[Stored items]
----

lemma kraus_map_compress:
  assumes V: "V \<in> carrier_mat n d" "adj V * V = 1\<^sub>m d" and X: "X \<in> carrier_mat n n"
  shows "kraus_map d ({()} <+> {..<n} \<times> {..<d})
      (case_sum (\<lambda>_. adj V) (replace_kraus (1\<^sub>m n - V * adj V) d)) X = compress V X"
proof -
  have Q: "1\<^sub>m n - V * adj V \<in> carrier_mat n n"
    using V by (metis adj_carrier minus_carrier_mat mult_carrier_mat one_carrier_mat)
  show ?thesis
    using V X
    by (simp add: kraus_map_Plus kraus_map_single[OF adj_carrier[OF V(1)] X]
        kraus_map_replace[OF Q X] mtrace_isometry_complement compress_def)
qed

lemma channel_compress:
  assumes V: "V \<in> carrier_mat n d" "adj V * V = 1\<^sub>m d" and d: "0 < d"
  shows "channel n d (compress V)"
proof (rule channel_cong)
  let ?I = "{()} <+> {..<n} \<times> {..<d}"
  let ?K = "case_sum (\<lambda>_. adj V) (replace_kraus (1\<^sub>m n - V * adj V) d)"
  have K: "?K i \<in> carrier_mat d n" if "i \<in> ?I" for i
    using that V by (auto simp: replace_kraus_def)
  show "channel n d (kraus_map d ?I ?K)"
    by (rule channel_kraus_map[OF _ K])
      (simp_all add: kraus_map_compress[OF V] mtrace_compress[OF V(1) d])
  show "kraus_map d ?I ?K X = compress V X" if "X \<in> carrier_mat n n" for X
    using kraus_map_compress[OF V that] .
qed
lemma halving_quotient_tendsto_zero:
  fixes g A B :: "real \<Rightarrow> real"
  assumes "isCont A 0" and "isCont B 0" and "\<epsilon> > 0"
    and g: "\<And>t. t \<in> {0<..<\<epsilon>} \<Longrightarrow> g t = J + ln t * (t^2 * A t) + t^2 * B t"
  shows "((\<lambda>t. (g (t/2) - g t) / t) \<longlongrightarrow> 0) (at_right 0)"
proof -
  have "((\<lambda>t::real. t/2) \<longlongrightarrow> 0) (at_right 0)" and "((\<lambda>t::real. t) \<longlongrightarrow> 0) (at_right 0)"
    by real_asymp+
  hence "((\<lambda>t. A (t/2)) \<longlongrightarrow> A 0) (at_right 0)" "((\<lambda>t. B (t/2)) \<longlongrightarrow> B 0) (at_right 0)"
    and "(A \<longlongrightarrow> A 0) (at_right 0)" "(B \<longlongrightarrow> B 0) (at_right 0)"
    using assms(1,2) by (auto intro: isCont_tendsto_compose[where g=A] isCont_tendsto_compose[where g=B])
  moreover have "((\<lambda>t::real. t/4 * ln (t/2)) \<longlongrightarrow> 0) (at_right 0)"
    and "((\<lambda>t::real. t * ln t) \<longlongrightarrow> 0) (at_right 0)" and "((\<lambda>t::real. t/4) \<longlongrightarrow> 0) (at_right 0)"
    by real_asymp+
  ultimately have "((\<lambda>t. t/4 * ln (t/2) * A (t/2) + t/4 * B (t/2) - t * ln t * A t - t * B t)
                    \<longlongrightarrow> 0 * A 0 + 0 * B 0 - 0 * A 0 - 0 * B 0) (at_right 0)"
    using \<open>((\<lambda>t::real. t) \<longlongrightarrow> 0) (at_right 0)\<close> by (intro tendsto_intros)
  moreover have "eventually (\<lambda>t. t/4 * ln (t/2) * A (t/2) + t/4 * B (t/2) - t * ln t * A t - t * B t
                   = (g (t/2) - g t) / t) (at_right 0)"
    using eventually_at_right_real[OF \<open>\<epsilon> > 0\<close>]
    by eventually_elim (simp add: g power2_eq_square field_simps)
  ultimately show ?thesis
    by (simp add: tendsto_cong)
qed
lemma trace_psd_mult_nonneg_supported:
  fixes P Q :: "real^'n^'n"
  assumes "finite I" "psd P" "psd Q" "\<And>i j. i \<notin> I \<or> j \<notin> I \<Longrightarrow> P$i$j = 0"
  shows "0 \<le> trace (P ** Q)"
  using assms(1,2,4)
proof (induction I arbitrary: P rule: finite_induct)
  case empty
  then have "P = 0" by (simp add: vec_eq_iff)
  then show ?case by (simp add: trace_def)
next
  case (insert k I)
  have sym: "P$i$j = P$j$i" for i j using psd_sym[OF insert.prems(1)] .
  show ?case
  proof (cases "P$k$k = 0")
    case True
    then have "P$i$j = 0" if "i \<notin> I \<or> j \<notin> I" for i j
      using that insert.prems psd_zero_diag_row sym by (metis insert_iff)
    then show ?thesis using insert by blast
  next
    case False
    define c where "c = P$k$k"
    have c: "c > 0" using psd_diag_nonneg[OF insert.prems(1), of k] False c_def by simp
    define v where "v = (\<chi> i. P$i$k)"
    define P' where "P' = (\<chi> i j. P$i$j - P$i$k * P$k$j / c)"
    have "0 \<le> trace (P' ** Q)"
    proof (rule insert.IH)
      show "psd P'" using psd_eliminate_pivot[OF insert.prems(1)] c by (simp add: P'_def c_def)
      show "P'$i$j = 0" if "i \<notin> I \<or> j \<notin> I" for i j
        using that c insert.prems(2)[of i j] insert.prems(2)[of i k] insert.prems(2)[of k j]
        by (cases "i = k"; cases "j = k") (auto simp: P'_def c_def sym[of i k])
    qed
    moreover have "0 \<le> trace ((\<chi> i j. v$i * v$j) ** Q)"
      using assms(3) unfolding trace_rank_one_mult psd_def by blast
    moreover have "P = P' + (1 / c) *\<^sub>R (\<chi> i j. v$i * v$j)"
      using c by (simp add: vec_eq_iff P'_def v_def sym[of k] field_simps)
    then have "trace (P ** Q) = trace (P' ** Q) + (1 / c) * trace ((\<chi> i j. v$i * v$j) ** Q)"
      by (simp add: matrix_add_rdistrib scalar_matrix_assoc[symmetric] trace_add trace_def sum.distrib sum_divide_distrib)
    ultimately show ?thesis using c by simp
  qed
qed
(* Let $d\ge1$, $n>0$ and $N=(d+1)n+d-1$. The number of maximal $d$-Brauer relations of an $N$-gon is $\frac{1}{n+1}\binom{(d+1)n+d-1}{n}$.
   Context: Let $\Pi$ be an $N$-gon with vertices numbered clockwise $1,\dots,N$ (mod $N$). A $d$-diagonal is a diagonal joining vertices $i$ and $i+d+j(d+1)$ for some $0\le j\le n-1$. A $d$-Brauer relation is a set of pairwise disjoint $d$-diagonals, and it is maximal if it is maximal with respect to inclusion. *)

theory Defs
  imports Complex_Main
begin

text \<open>Vertices of the N-gon are 1..N, numbered clockwise; addition is modulo N
  with representatives in 1..N.\<close>
definition vadd :: "nat \<Rightarrow> nat \<Rightarrow> nat \<Rightarrow> nat" where
  "vadd N i k = ((i - 1 + k) mod N) + 1"

definition d_diagonal :: "nat \<Rightarrow> nat \<Rightarrow> nat \<Rightarrow> nat set \<Rightarrow> bool" where
  "d_diagonal N d n D \<longleftrightarrow>
     (\<exists>i\<in>{1..N}. \<exists>j<n. D = {i, vadd N i (d + j * (d + 1))})"

definition crosses :: "nat set \<Rightarrow> nat set \<Rightarrow> bool" where
  "crosses D E \<longleftrightarrow> (\<exists>a b c e. D = {a, b} \<and> E = {c, e} \<and> a < c \<and> c < b \<and> b < e)"

definition diag_disjoint :: "nat set \<Rightarrow> nat set \<Rightarrow> bool" where
  "diag_disjoint D E \<longleftrightarrow> D \<inter> E = {} \<and> \<not> crosses D E \<and> \<not> crosses E D"

definition brauer_relation :: "nat \<Rightarrow> nat \<Rightarrow> nat \<Rightarrow> nat set set \<Rightarrow> bool" where
  "brauer_relation N d n R \<longleftrightarrow>
     (\<forall>D\<in>R. d_diagonal N d n D) \<and>
     (\<forall>D\<in>R. \<forall>E\<in>R. D \<noteq> E \<longrightarrow> diag_disjoint D E)"

definition maximal_brauer_relation :: "nat \<Rightarrow> nat \<Rightarrow> nat \<Rightarrow> nat set set \<Rightarrow> bool" where
  "maximal_brauer_relation N d n R \<longleftrightarrow>
     brauer_relation N d n R \<and> (\<forall>S. brauer_relation N d n S \<and> R \<subseteq> S \<longrightarrow> S = R)"

end

(* Cut the N-gon open between the vertices N and 1. Because N + 2 = (d + 1)(n + 1), a
   d-diagonal becomes an arc (x, y), x < y, of the segment 1..N enclosing a multiple of d + 1
   vertices (counting x and y), and a d-Brauer relation becomes a system of such arcs without
   crossings or common endpoints. Scanning a maximal system from the left, each vertex is either
   free or opens an arc whose inside is again maximal and has exactly d - 1 free outer vertices;
   on every level at most d vertices are free, since otherwise two of them could be joined.
   This grammar (saturated) yields the recursion of the coefficients of B^(r+1), where
   B = 1 + x B^(d+1), for the number of maximal systems with r free outer vertices and k arcs.
   These are the Raney numbers (r+1)/((d+1)k+r+1) binom((d+1)k+r+1, k); the polygon has
   r = d - 1 and k = n. *)

theory Submission
  imports Defs
begin

section \<open>Arc systems on a segment\<close>

definition arcs_disjoint :: "nat \<Rightarrow> nat \<Rightarrow> nat \<Rightarrow> nat \<Rightarrow> bool" where
  "arcs_disjoint x y u v \<longleftrightarrow>
     x \<noteq> u \<and> x \<noteq> v \<and> y \<noteq> u \<and> y \<noteq> v \<and> \<not> (x < u \<and> u < y \<and> y < v) \<and> \<not> (u < x \<and> x < v \<and> v < y)"

definition d_arc :: "nat \<Rightarrow> nat \<Rightarrow> nat \<Rightarrow> nat \<Rightarrow> nat \<Rightarrow> bool" where
  "d_arc d a b x y \<longleftrightarrow> a \<le> x \<and> x < y \<and> y < b \<and> (d + 1) dvd (y + 1 - x)"

definition arc_system :: "nat \<Rightarrow> nat \<Rightarrow> nat \<Rightarrow> (nat \<times> nat) set \<Rightarrow> bool" where
  "arc_system d a b P \<longleftrightarrow>
     (\<forall>x y. (x, y) \<in> P \<longrightarrow> d_arc d a b x y) \<and>
     (\<forall>x y u v. (x, y) \<in> P \<longrightarrow> (u, v) \<in> P \<longrightarrow> (x, y) \<noteq> (u, v) \<longrightarrow> arcs_disjoint x y u v)"

definition maximal_arc_system :: "nat \<Rightarrow> nat \<Rightarrow> nat \<Rightarrow> (nat \<times> nat) set \<Rightarrow> bool" where
  "maximal_arc_system d a b P \<longleftrightarrow>
     arc_system d a b P \<and> (\<forall>x y. (x, y) \<notin> P \<longrightarrow> \<not> arc_system d a b (insert (x, y) P))"

definition outer_vertex :: "nat \<Rightarrow> (nat \<times> nat) set \<Rightarrow> bool" where
  "outer_vertex y P \<longleftrightarrow> (\<forall>p q. (p, q) \<in> P \<longrightarrow> p \<noteq> y \<and> q \<noteq> y \<and> \<not> (p < y \<and> y < q))"

lemma arcs_disjoint_sym: "arcs_disjoint x y u v \<longleftrightarrow> arcs_disjoint u v x y"
  unfolding arcs_disjoint_def by auto

lemma arc_system_insert:
  assumes "arc_system d a b P" "d_arc d a b x y" "\<forall>p q. (p, q) \<in> P \<longrightarrow> arcs_disjoint x y p q"
  shows "arc_system d a b (insert (x, y) P)"
  using assms unfolding arc_system_def by (metis insert_iff prod.inject arcs_disjoint_sym)

lemma arc_system_ordered: "arc_system d a b P \<Longrightarrow> \<forall>x y. (x, y) \<in> P \<longrightarrow> x < y"
  unfolding arc_system_def d_arc_def by simp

----

● **Aim of the task**: Exactly as they appear above, write out the line containing "P \<longrightarrow> arcs_disjoint" and each line that comes after it in the records.

● **Problem solution**:
  assumes "arc_system d a b P" "d_arc d a b x y" "\<forall>p q. (p, q) \<in> P \<longrightarrow> arcs_disjoint x y p q"
  shows "arc_system d a b (insert (x, y) P)"
  using assms unfolding arc_system_def by (metis insert_iff prod.inject arcs_disjoint_sym)

lemma arc_system_ordered: "arc_system d a b P \<Longrightarrow> \<forall>x y. (x, y) \<in> P \<longrightarrow> x < y"
  unfolding arc_system_def d_arc_def by simp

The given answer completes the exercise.